此處,將調查深度20μm以上之凹坑18之有無之對象限定為端面13之上述特定部分13a、13b之原因在於:於上述特定部分13a、13b存在微小損傷之情形時,有化學強化玻璃板10以該微小損傷為基點而破損之情況。 Here, the reason for investigating the presence or absence of the pit 18 having a depth of 20 μm or more as the specific portion 13a, 13b of the end surface 13 is that the chemically strengthened glass sheet is present in the case where the specific portion 13a, 13b is slightly damaged. 10 The case where the damage is broken based on the minute damage.

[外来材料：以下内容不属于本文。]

lemma koszul_contract_d:
  assumes "finite A" "j \<in> A"
  shows "koszul_contract scale j (koszul_d scale y A (Suc n) c) =
         (\<lambda>T. - koszul_d scale y (A - {j}) n (koszul_contract scale j c) T)"
proof
  fix T
  show "koszul_contract scale j (koszul_d scale y A (Suc n) c) T =
         - koszul_d scale y (A - {j}) n (koszul_contract scale j c) T"
  proof (cases "T \<subseteq> A - {j} \<and> card T + 1 = n")
    case True
    then show ?thesis using koszul_contract_d_at[OF assms] by blast
  next
    case False
    have "\<not> (insert j T \<subseteq> A \<and> card (insert j T) + 1 = Suc n)" if "j \<notin> T"
    proof
      assume jT: "insert j T \<subseteq> A \<and> card (insert j T) + 1 = Suc n"
      then have "finite T" using assms(1) by (meson finite_insert finite_subset)
      with jT that False show False by auto
    qed
    then have "koszul_contract scale j (koszul_d scale y A (Suc n) c) T = 0"
      unfolding koszul_contract_def koszul_d_def by auto
    moreover have "koszul_d scale y (A - {j}) n (koszul_contract scale j c) T = 0"
      using False unfolding koszul_d_def by auto
    ultimately show ?thesis by simp
  qed
qed
lemma inf_run_if_Rinf_real:
  assumes "Rinf_real C L a b U" "a \<le> w" "w \<le> b"
  shows "inf_run C L U w"
proof -
  define next_energy where "next_energy w0 = (SOME w1. a \<le> w1 \<and> w1 \<le> b \<and> R C L w0 w1 U)" for w0
  have next_energy: "a \<le> next_energy w0 \<and> next_energy w0 \<le> b \<and> R C L w0 (next_energy w0) U"
    if "a \<le> w0" "w0 \<le> b" for w0
  proof -
    have "\<exists>w1. a \<le> w1 \<and> w1 \<le> b \<and> R C L w0 w1 U"
      using assms(1) that unfolding Rinf_real_def by blast
    then show ?thesis unfolding next_energy_def by (rule someI_ex)
  qed
  define ws where "ws k = (next_energy ^^ k) w" for k
  have "a \<le> ws k \<and> ws k \<le> b" for k
    by (induction k) (use assms(2,3) next_energy in \<open>auto simp: ws_def\<close>)
  then have "R C L (ws k) (ws (Suc k)) U" for k
    using next_energy unfolding ws_def by simp
  then show ?thesis unfolding inf_run_def ws_def by (intro exI[of _ ws]) (auto simp: ws_def)
qed

lemma inf_run_shift:
  assumes "inf_run C L U w" "0 \<le> s"
  shows "inf_run C L (U + of_int \<lceil>s\<rceil>) (w + s)"
proof -
  obtain ws where ws: "ws 0 = w" "\<And>k. R C L (ws k) (ws (Suc k)) U"
    using assms(1) unfolding inf_run_def by blast
  have "of_rat U + s \<le> real_of_rat (U + of_int \<lceil>s\<rceil>)"
    by (simp add: of_rat_add)
  then have "R C L (ws k + s) (ws (Suc k) + s) (U + of_int \<lceil>s\<rceil>)" for k
    using R_shift[OF ws(2) assms(2)] by blast
  then show ?thesis unfolding inf_run_def using ws(1) by (intro exI[of _ "\<lambda>k. ws k + s"]) auto
qed

theorem mainTheorem7:
  fixes C :: "('c::finite) etp" and L :: rat
  assumes "is_cycle C"
    and "\<exists>a b U. Rinf C L a b U"
  shows "\<exists>amin :: rat.
           (\<exists>b U. Rinf C L amin b U) \<and>
           (\<forall>a. (\<exists>b U. Rinf C L a b U) \<longrightarrow> amin \<le> a) \<and>
           (\<forall>(w :: real) (U :: rat). w < real_of_rat amin \<longrightarrow> \<not> inf_run C L U w) \<and>
           (\<forall>w :: real. real_of_rat amin \<le> w \<longrightarrow> (\<exists>U :: rat. inf_run C L U w))"
proof -
  obtain amin b U where Rinf: "Rinf C L amin b U"
    and least: "\<forall>a b U. Rinf_real C L a b U \<longrightarrow> of_rat amin \<le> a"
    using Rinf_least_start[OF assms(2)] by blast
  have "amin \<le> a" if "Rinf C L a b' U'" for a b' U'
    using least that unfolding Rinf_iff_Rinf_real by (metis of_rat_less_eq)
  moreover have "\<not> inf_run C L U' w" if "w < of_rat amin" for w U'
    using inf_run_Rinf_real[OF assms(1)] least that by fastforce
  moreover have "\<exists>U'. inf_run C L U' w" if "of_rat amin \<le> w" for w
  proof -
    have "inf_run C L U (of_rat amin)"
      using Rinf unfolding Rinf_iff_Rinf_real by (auto intro: inf_run_if_Rinf_real simp: Rinf_real_def)
    then show ?thesis using inf_run_shift[of C L U _ "w - of_rat amin"] that by force
  qed
  ultimately show ?thesis using Rinf by blast
qed

end
lemma G_in_orbit_equal_squares:
  fixes a b c d :: complex
  shows "a \<noteq> 0 \<Longrightarrow> in_Gamma_orbit_proj (G a a a a) factored_form"
    and "a \<noteq> 0 \<Longrightarrow> in_Gamma_orbit_proj (G a a a (- a)) factored_form"
    and "a \<noteq> 0 \<Longrightarrow> in_Gamma_orbit_proj (G a a (- a) a) factored_form"
    and "a \<noteq> 0 \<Longrightarrow> in_Gamma_orbit_proj (G a a (- a) (- a)) factored_form"
    and "a \<noteq> 0 \<Longrightarrow> in_Gamma_orbit_proj (G a (- a) a a) factored_form"
    and "a \<noteq> 0 \<Longrightarrow> in_Gamma_orbit_proj (G a (- a) a (- a)) factored_form"
    and "a \<noteq> 0 \<Longrightarrow> in_Gamma_orbit_proj (G a (- a) (- a) a) factored_form"
    and "a \<noteq> 0 \<Longrightarrow> in_Gamma_orbit_proj (G a (- a) (- a) (- a)) factored_form"
proof -
  show "a \<noteq> 0 \<Longrightarrow> in_Gamma_orbit_proj (G a a a a) factored_form"
    by (rule G_in_orbit_by_witness[where \<alpha>="\<i>" and \<beta>="0" and \<gamma>="0" and \<delta>="- \<i>"
        and sg="transpose 1 2" and lam="- a"];
      simp add: G_form_def gamma_point_def permutes_swap_id; (algebra | (insert i_squared, algebra)))
  show "a \<noteq> 0 \<Longrightarrow> in_Gamma_orbit_proj (G a a a (- a)) factored_form"
    by (rule G_in_orbit_by_witness[where \<alpha>="0" and \<beta>="1" and \<gamma>="-1" and \<delta>="0"
        and sg="transpose 1 3" and lam="a"];
      simp add: G_form_def gamma_point_def permutes_swap_id; (algebra | (insert i_squared, algebra)))
  show "a \<noteq> 0 \<Longrightarrow> in_Gamma_orbit_proj (G a a (- a) a) factored_form"
    by (rule G_in_orbit_by_witness[where \<alpha>="\<i>" and \<beta>="0" and \<gamma>="0" and \<delta>="- \<i>"
        and sg="transpose 1 3" and lam="- a"];
      simp add: G_form_def gamma_point_def permutes_swap_id; (algebra | (insert i_squared, algebra)))
  show "a \<noteq> 0 \<Longrightarrow> in_Gamma_orbit_proj (G a a (- a) (- a)) factored_form"
    by (rule G_in_orbit_by_witness[where \<alpha>="0" and \<beta>="1" and \<gamma>="-1" and \<delta>="0"
        and sg="transpose 1 2" and lam="a"];
      simp add: G_form_def gamma_point_def permutes_swap_id; (algebra | (insert i_squared, algebra)))
  show "a \<noteq> 0 \<Longrightarrow> in_Gamma_orbit_proj (G a (- a) a a) factored_form"
    by (rule G_in_orbit_by_witness[where \<alpha>="1" and \<beta>="0" and \<gamma>="0" and \<delta>="1"
        and sg="transpose 1 3" and lam="a"];
      simp add: G_form_def gamma_point_def permutes_swap_id; (algebra | (insert i_squared, algebra)))
  show "a \<noteq> 0 \<Longrightarrow> in_Gamma_orbit_proj (G a (- a) a (- a)) factored_form"
    by (rule G_in_orbit_by_witness[where \<alpha>="0" and \<beta>="\<i>" and \<gamma>="\<i>" and \<delta>="0"
        and sg="transpose 1 2" and lam="- a"];
      simp add: G_form_def gamma_point_def permutes_swap_id; (algebra | (insert i_squared, algebra)))
  show "a \<noteq> 0 \<Longrightarrow> in_Gamma_orbit_proj (G a (- a) (- a) a) factored_form"
    by (rule G_in_orbit_by_witness[where \<alpha>="1" and \<beta>="0" and \<gamma>="0" and \<delta>="1"
        and sg="transpose 1 2" and lam="a"];
      simp add: G_form_def gamma_point_def permutes_swap_id; (algebra | (insert i_squared, algebra)))
  show "a \<noteq> 0 \<Longrightarrow> in_Gamma_orbit_proj (G a (- a) (- a) (- a)) factored_form"
    by (rule G_in_orbit_by_witness[where \<alpha>="0" and \<beta>="\<i>" and \<gamma>="\<i>" and \<delta>="0"
        and sg="transpose 1 3" and lam="a"];
      simp add: G_form_def gamma_point_def permutes_swap_id; (algebra | (insert i_squared, algebra)))
qed

lemma G_in_orbit_if_special_params:
  fixes a b c d :: complex
  assumes nz: "\<not> (a = 0 \<and> b = 0 \<and> c = 0 \<and> d = 0)" and special: "special_params a b c d"
  shows "in_Gamma_orbit_proj (G a b c d) factored_form"
proof -
  have "in_Gamma_orbit_proj (G a b c d) factored_form" if "a\<^sup>2 = b\<^sup>2" "b\<^sup>2 = c\<^sup>2" "c\<^sup>2 = d\<^sup>2"
  proof -
    have "a \<noteq> 0"
      using nz that by auto
    moreover have "b = a \<or> b = - a" "c = a \<or> c = - a" "d = a \<or> d = - a"
      using that by (auto simp: power2_eq_iff)
    ultimately show ?thesis
      using G_in_orbit_equal_squares by blast
  qed
  then show ?thesis
    using special nz G_in_orbit_three_zeros unfolding special_params_def by blast
qed

lemma eval8_binary_form_not_unit:
  assumes \<gamma>: "in_Gamma al be ga de sg" and ij: "i < 4" "j < 4" "i \<noteq> j"
  shows "\<not> is_unit (eval8 (X i * X j - Y i * Y j) (Gamma_subst al be ga de sg))"
proof
  let ?u = "eval8 (X i * X j - Y i * Y j) (Gamma_subst al be ga de sg)"
  let ?w = "gamma_point al be ga de sg"
  assume "is_unit ?u"
  then have const: "pval z ?u = pval z' ?u" for z z'
    using unit_not_depends_on pval_eq_if_agree_on_dependencies by blast
  have sg: "sg permutes {0..<4}"
    and det: "al i * de i - be i * ga i = 1" "al j * de j - be j * ga j = 1"
    using \<gamma> ij by (auto simp: in_Gamma_def)
  have "sg i \<noteq> sg j"
    using permutes_inj[OF sg] ij by (auto dest: injD)
  have pval_u: "pval z ?u = ?w z (2 * i) * ?w z (2 * j) - ?w z (2 * i + 1) * ?w z (2 * j + 1)" for z
    using ij by (simp add: pval_eval8_Gamma_subst[OF sg])
  define z where "z k = (if k div 2 = sg i then (if even k then de i else - ga i)
      else if k div 2 = sg j then (if even k then de j else - ga j) else 0)" for k
  have "pval z ?u = 1"
    unfolding pval_u using \<open>sg i \<noteq> sg j\<close> det by (simp add: gamma_point_def z_def algebra_simps)
  moreover have "pval (\<lambda>_. 0) ?u = 0"
    unfolding pval_u by (simp add: gamma_point_def)
  ultimately show False
    using const[of z "\<lambda>_. 0"] by simp
qed

lemma reducible_if_in_orbit:
  fixes a b c d :: complex
  assumes nz: "\<not> (a = 0 \<and> b = 0 \<and> c = 0 \<and> d = 0)"
    and orbit: "in_Gamma_orbit_proj (G a b c d) factored_form"
  shows "reducible (G a b c d)"
proof -
  obtain al be ga de sg lam where \<gamma>: "in_Gamma al be ga de sg" and "lam \<noteq> 0"
    and G_eq: "G a b c d = L8 lam * eval8 factored_form (Gamma_subst al be ga de sg)"
    using orbit unfolding in_Gamma_orbit_proj_def by blast
  let ?s = "Gamma_subst al be ga de sg"
  have "G a b c d = (L8 lam * eval8 (X 0 * X 1 - Y 0 * Y 1) ?s) * eval8 (X 2 * X 3 - Y 2 * Y 3) ?s"
    unfolding G_eq eval8_mult by (simp add: mult.assoc)
  moreover have "\<not> is_unit (L8 lam * eval8 (X 0 * X 1 - Y 0 * Y 1) ?s)"
    using eval8_binary_form_not_unit[OF \<gamma>, of 0 1] by (simp add: is_unit_mult_iff)
  moreover have "\<not> is_unit (eval8 (X 2 * X 3 - Y 2 * Y 3) ?s)"
    using eval8_binary_form_not_unit[OF \<gamma>, of 2 3] by simp
  moreover obtain z where "G_form ((a + d) / 2) ((a - d) / 2) ((b + c) / 2) ((b - c) / 2) z \<noteq> 0"
    using G_form_nonvanishing[OF G_params_nonzero[OF nz], of 0] by auto
  then have "pval z (G a b c d) \<noteq> pval (\<lambda>_. 0) (G a b c d)"
    by (simp add: pval_G G_form_def)
  then have "G a b c d \<noteq> 0" "\<not> is_unit (G a b c d)"
    using unit_not_depends_on pval_eq_if_agree_on_dependencies by (metis pval_0, blast)
  ultimately show ?thesis
    unfolding reducible_def irreducible_def by blast
qed
lemma pair_recoding_conjugate_subshift:
  fixes X :: "(int \<Rightarrow> 'a::finite) set"
  assumes X: "subshift_on UNIV X" and V: "finite V" "V \<noteq> {}" "shift ` V = V"
    and c: "inj_on c (UNIV \<times> B)" "\<forall>v\<in>V. range v \<subseteq> B"
  defines "Y \<equiv> pair_recoding c ` (X \<times> V)"
  shows "subshift_on (c ` (UNIV \<times> B)) Y" and "conjugate_prod X V Y"
proof -
  have closed: "closedin shift_top X" and SX: "shift ` X = X" and "X \<noteq> {}"
    using X by (simp_all add: subshift_on_def)
  have "compact_space (subtopology shift_top X)"
    using closedin_compact_space[OF compact_space_shift_top closed] by (simp add: compact_space_subtopology)
  moreover have "compact_space (subtopology shift_top V)"
    using V(1) by (simp add: compact_space_subtopology finite_imp_compactin)
  ultimately have compact: "compact_space (shift_prod_top X V)"
    by (simp add: compact_space_prod_topology)
  have "continuous_map (shift_prod_top X V) (subtopology shift_top Y) (pair_recoding c)"
    using continuous_map_pair_recoding by (auto simp: continuous_map_in_subtopology Y_def)
  moreover have "inj_on (pair_recoding c) (X \<times> V)"
    using c by (intro inj_on_pair_recoding) auto
  ultimately have "homeomorphic_map (shift_prod_top X V) (subtopology shift_top Y) (pair_recoding c)"
    using compact Hausdorff_space_subtopology[OF Hausdorff_space_shift_top]
    by (intro continuous_imp_homeomorphic_map) (simp_all add: Y_def)
  then show "conjugate_prod X V Y"
    unfolding conjugate_prod_def by (intro exI[of _ "pair_recoding c"]) (simp add: pair_recoding_prod_map)
  have "compactin (shift_prod_top X V) (X \<times> V)"
    using compact by (simp add: compact_space_def)
  then have "compactin shift_top Y"
    unfolding Y_def by (rule image_compactin[OF _ continuous_map_pair_recoding])
  then have "closedin shift_top Y"
    by (rule compactin_imp_closedin[OF Hausdorff_space_shift_top])
  moreover have "shift ` Y = pair_recoding c ` prod_map ` (X \<times> V)"
    by (simp add: Y_def image_image pair_recoding_prod_map)
  then have "shift ` Y = Y"
    using prod_map_image[OF SX V(3)] by (simp add: Y_def)
  moreover have "Y \<noteq> {}"
    using \<open>X \<noteq> {}\<close> V(2) by (simp add: Y_def)
  moreover have "\<forall>y\<in>Y. range y \<subseteq> c ` (UNIV \<times> B)"
    using c(2) by (auto simp: Y_def pair_recoding_def)
  ultimately show "subshift_on (c ` (UNIV \<times> B)) Y"
    by (simp add: subshift_on_def)
qed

本發明者等人發現可將上述化學強化玻璃板10之破損方式劃分為如下4類。(1)以化學強化玻璃板之正面側端面為起點之破損、(2)以 化學強化玻璃板之背面側端面為起點之破損、(3)以化學強化玻璃板之正面側主面為起點之破損、(4)以化學強化玻璃板之背面側主面為起點之破損之4類。藉由針對該等4類破損中之任一類均製成高強度之化學強化玻璃,而可提供能夠耐受多種破損狀況之化學強化玻璃板。 The inventors of the present invention have found that the damage pattern of the above-mentioned chemically strengthened glass sheet 10 can be classified into the following four types. (1) The damage is caused by the front end face of the chemically strengthened glass plate as the starting point, (2) The back side end surface of the chemically strengthened glass plate is damaged at the starting point, (3) the damage is caused by the main surface of the chemically strengthened glass plate as the starting point, and (4) the damage is caused by the main surface of the back side of the chemically strengthened glass plate. class. By forming high-strength chemically strengthened glass for any of these four types of breakage, it is possible to provide a chemically strengthened glass sheet that can withstand various damage conditions.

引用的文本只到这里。